Deshabandu Roshan Mahanama

Personal information
- Full name: Roshan Siriwardene Mahanama
- Born: 31 May 1966 (age 60) Colombo, Dominion of Ceylon
- Nickname: Maha
- Batting: Right-handed
- Role: Batsman

International information
- National side: Sri Lanka (1986–1999);
- Test debut (cap 36): 14 March 1986 v Pakistan
- Last Test: 27 March 1998 v South Africa
- ODI debut (cap 45): 2 March 1986 v Pakistan
- Last ODI: 30 May 1999 v Kenya

Domestic team information
- 1988/89–1992: Colombo Cricket Club
- 1994/95–1998/99: Bloomfield Cricket and Athletic Club

Career statistics
| Competition | Test | ODI | FC | LA |
| Matches | 52 | 213 | 137 | 253 |
| Runs scored | 2,576 | 5,162 | 6,698 | 6,472 |
| Batting average | 29.27 | 29.49 | 34.40 | 30.96 |
| 100s/50s | 4/11 | 4/35 | 12/31 | 6/42 |
| Top score | 225 | 119* | 225 | 119* |
| Catches/stumpings | 56/– | 109/– | 136/- | 121/– |

Medal record
Men's Cricket
Representing Sri Lanka
ICC Cricket World Cup
| Winner | 1996 India-Pakistan-Sri Lanka |  |
- Source: ESPNCricinfo, 30 November 2015

= Roshan Mahanama =

Sri Lankan cricketer and ICC match referee

Deshabandu Roshan Siriwardene Mahanama (රොෂාන් මහානාම, /si/; born 31 May 1966) is a former Sri Lankan cricketer and a former ICC match referee. He was a key member in the 1996 Cricket World Cup winning team for Sri Lanka. He is the first man to have stood as a match referee in a day-night test match in Test history.

In September 2015, Mahanama said that he would step down from the ICC match referee panel at the end of the year, citing his desire to spend more time with his family and attend to his businesses. He was regarded as one of the finest match referees at international cricket and was also deemed one of the finest fielders during his playing days.
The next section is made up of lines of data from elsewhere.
lemma f_gaussian_bounds:
  assumes n: "1 \<le> n" and x: "\<bar>x\<bar> \<le> real n / 3"
  shows "1/4 * (1 / sqrt (real n)) * exp (- (x^2) / real n) \<le> f n x"
    and "f n x \<le> 3/2 * (1 / sqrt (real n)) * exp (- (x^2) / (3 * real n))"
proof -
  have np: "0 < real n" using n by simp
  define v where "v = - x / real n"
  have v: "-1/3 \<le> v" "v \<le> 1/3" using x np unfolding v_def by (auto simp: field_simps abs_le_iff)
  have exponent: "real n * ln (1 - x / real n) + x = real n * (ln (1 + v) - v)"
    unfolding v_def using np by (simp add: field_simps)
  have nv: "real n * v^2 = x^2 / real n" unfolding v_def using np by (simp add: field_simps power2_eq_square)
  have "real n * (v - v^2) \<le> real n * ln (1 + v)"
    using v ln_one_plus_ge_quadratic[of v] np by (intro mult_left_mono) auto
  then have lower: "- (x^2) / real n \<le> real n * (ln (1 + v) - v)"
    using nv by (simp add: algebra_simps)
  have "real n * ln (1 + v) \<le> real n * (v - v^2/3)"
    using v ln_one_plus_le_quadratic[of v] np by (intro mult_left_mono) auto
  then have upper: "real n * (ln (1 + v) - v) \<le> - (x^2) / (3 * real n)"
    using nv by (simp add: algebra_simps)
  have rep: "f n x = stirling_ratio n * exp (real n * (ln (1 + v) - v)) / (1 + v)"
    using f_eq_stirling_ratio_exp[OF n] x np exponent by (simp add: v_def)
  have "1/3 \<le> exp (-1::real)" using exp_le by (simp add: exp_minus field_simps)
  then have "1/4 * (1 / sqrt (real n)) * exp (- (x^2) / real n)
      \<le> 3/4 * exp (-1) * (1 / sqrt (real n)) * exp (- (x^2) / real n)"
    by (intro mult_right_mono) auto
  also have "\<dots> = (exp (-1) / sqrt (real n)) * exp (- (x^2) / real n) / (4/3)" by simp
  also have "\<dots> \<le> stirling_ratio n * exp (real n * (ln (1 + v) - v)) / (1 + v)"
    using stirling_ratio_bounds(1)[OF n] lower v stirling_ratio_pos[of n]
    by (intro frac_le mult_mono) (auto simp: less_imp_le)
  finally show "1/4 * (1 / sqrt (real n)) * exp (- (x^2) / real n) \<le> f n x"
    unfolding rep .
  have "f n x \<le> (1 / sqrt (real n)) * exp (- (x^2) / (3 * real n)) / (2/3)"
    unfolding rep using stirling_ratio_bounds(2)[OF n] upper v stirling_ratio_pos[of n]
    by (intro frac_le mult_mono) auto
  then show "f n x \<le> 3/2 * (1 / sqrt (real n)) * exp (- (x^2) / (3 * real n))" by simp
qed

section \<open>The reflection point b\<close>

lemma b_spec:
  assumes n: "2 \<le> n" and z: "0 \<le> z" "z < real n - 1"
  shows "0 \<le> b n z" "b n z \<le> z" "log_kernel (n - 1) (b n z - z) = log_kernel (n - 1) z"
proof -
  define m where "m = n - 1"
  have m: "1 \<le> m" "real m = real n - 1" using n by (auto simp: m_def)
  have crossing: "f n (1 - z) = f n (1 + z - y) \<longleftrightarrow> log_kernel m (y - z) = log_kernel m z"
    if "0 \<le> y" "y \<le> z" for y
  proof -
    have "f n (1 - z) = stirling_ratio m * exp (log_kernel m z)"
      using f_eq_log_kernel[of n "1 - z"] n z by (simp add: m_def)
    moreover have "f n (1 + z - y) = stirling_ratio m * exp (log_kernel m (y - z))"
      using f_eq_log_kernel[of n "1 + z - y"] n z that by (simp add: m_def)
    ultimately show ?thesis using stirling_ratio_pos[of m] by auto
  qed
  define u where "u = z / real m"
  have u: "0 \<le> u" "u < 1" using z m by (auto simp: u_def field_simps)
  have L_z: "log_kernel m z = real m * (ln (1 + u) - u)"
    using log_kernel_eq_ln[of m z] m z by (simp add: u_def)
  have L_neg_z: "log_kernel m (0 - z) = real m * (ln (1 - u) + u)"
    using log_kernel_eq_ln[of m "- z"] m z by (simp add: u_def)
  have "\<exists>y. 0 \<le> y \<and> y \<le> z \<and> log_kernel m (y - z) = log_kernel m z"
  proof (rule IVT')
    show "log_kernel m (0 - z) \<le> log_kernel m z"
      unfolding L_z L_neg_z using ln_one_minus_add_two_le[OF u] by (intro mult_left_mono) auto
    show "log_kernel m z \<le> log_kernel m (z - z)"
      unfolding L_z using ln_add_one_self_le_self[OF u(1)] by (simp add: mult_nonneg_nonpos)
    show "continuous_on {0..z} (\<lambda>y. log_kernel m (y - z))"
      unfolding log_kernel_def using z m by (intro continuous_intros) auto
  qed (use z in auto)
  moreover have "y1 = y2"
    if "0 \<le> y1" "y1 \<le> z" "log_kernel m (y1 - z) = log_kernel m z"
       "0 \<le> y2" "y2 \<le> z" "log_kernel m (y2 - z) = log_kernel m z" for y1 y2
    using strict_mono_on_eqD[OF strict_mono_on_log_kernel[OF m(1)], of "y1 - z" "y2 - z"] that z m
    by auto
  ultimately have "\<exists>!y. 0 \<le> y \<and> y \<le> z \<and> f n (1 - z) = f n (1 + z - y)"
    using crossing by metis
  from theI'[OF this]
  show "0 \<le> b n z" "b n z \<le> z" "log_kernel (n - 1) (b n z - z) = log_kernel (n - 1) z"
    using crossing unfolding b_def m_def by auto
qed

lemma b_compare:
  assumes "2 \<le> n" "0 \<le> z" "z < real n - 1" "0 \<le> \<beta>" "\<beta> \<le> z"
  shows "b n z \<le> \<beta> \<longleftrightarrow> log_kernel (n - 1) z \<le> log_kernel (n - 1) (\<beta> - z)"
    and "\<beta> \<le> b n z \<longleftrightarrow> log_kernel (n - 1) (\<beta> - z) \<le> log_kernel (n - 1) z"
proof -
  note spec = b_spec[OF assms(1-3)]
  have mono: "strict_mono_on {- real (n - 1)<..0} (log_kernel (n - 1))"
    using assms by (intro strict_mono_on_log_kernel) auto
  have "b n z - z \<in> {- real (n - 1)<..0}" "\<beta> - z \<in> {- real (n - 1)<..0}"
    using spec assms by auto
  from strict_mono_on_less_eq[OF mono this] strict_mono_on_less_eq[OF mono this(2,1)]
  show "b n z \<le> \<beta> \<longleftrightarrow> log_kernel (n - 1) z \<le> log_kernel (n - 1) (\<beta> - z)"
    and "\<beta> \<le> b n z \<longleftrightarrow> log_kernel (n - 1) (\<beta> - z) \<le> log_kernel (n - 1) z"
    using spec(3) by auto
qed

lemma b_le_of_poly_le:
  assumes n: "2 \<le> n" and \<beta>: "0 \<le> \<beta>" "\<beta> \<le> z" and z: "z \<le> (real n - 1) / 2"
  defines "u \<equiv> z / (real n - 1)" and "w \<equiv> (z - \<beta>) / (real n - 1)"
  assumes poly: "w^2/2 + w^3/3 + w^4/2 \<le> u^2/2 - u^3/3"
  shows "b n z \<le> \<beta>"
proof -
  have m: "1 \<le> real n - 1" "real (n - 1) = real n - 1" using n by auto
  have uw: "0 \<le> u" "0 \<le> w" "w \<le> 1/2" using \<beta> z m by (auto simp: u_def w_def field_simps)
  have "log_kernel (n - 1) z = (real n - 1) * (ln (1 + u) - u)"
    using log_kernel_eq_ln[of "n - 1" z] m \<beta> by (simp add: u_def)
  also have "\<dots> \<le> (real n - 1) * (ln (1 - w) + w)"
    using ln_one_plus_le_cubic[of u] ln_one_minus_ge_quartic[of w] uw poly m
    by (intro mult_left_mono) auto
  also have "\<dots> = log_kernel (n - 1) (\<beta> - z)"
    using log_kernel_eq_ln[of "n - 1" "\<beta> - z"] m \<beta> z by (simp add: w_def field_simps)
  finally show ?thesis using b_compare(1)[of n z \<beta>] n \<beta> z m by simp
qed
He was popularly nicknamed as the Jonty Rhodes of Sri Lanka. In 2021, he was appointed as one of the members in the selection committee and technical advisory committee panel of Sri Lanka Cricket led by Aravinda de Silva.

==School cricket==
Roshan began playing cricket at school level representing Nalanda College and went onto captain his school cricket team. He soon rose to prominence as a popular schoolboy cricketer with his unbeaten knock of 145 runs in the Annual Big Match against arch-rivals Ananda College. His performances at school cricket earned him the Observer Schoolboy Cricket of the Year awards for two successive years in 1983 and 1984.

==International career==
Roshan is the 36th Sri Lankan test cap where he played against Pakistan at Colombo in 1985/86.

Although he averaged less than 30 at Test cricket, he did score four centuries, including a top score of 225 for the Sri Lankan cricket team against India at Colombo, where he shared a then world record second wicket partnership of 576 runs with Sanath Jayasuriya. This record was surpassed in July 2006 as the largest partnership in Test match history by fellow Sri Lankans Kumar Sangakkara and Mahela Jayawardene who put on 624 against South Africa. The partnership between Jayasuriya-Mahanama still stands as the highest partnership for the second wicket in Test cricket.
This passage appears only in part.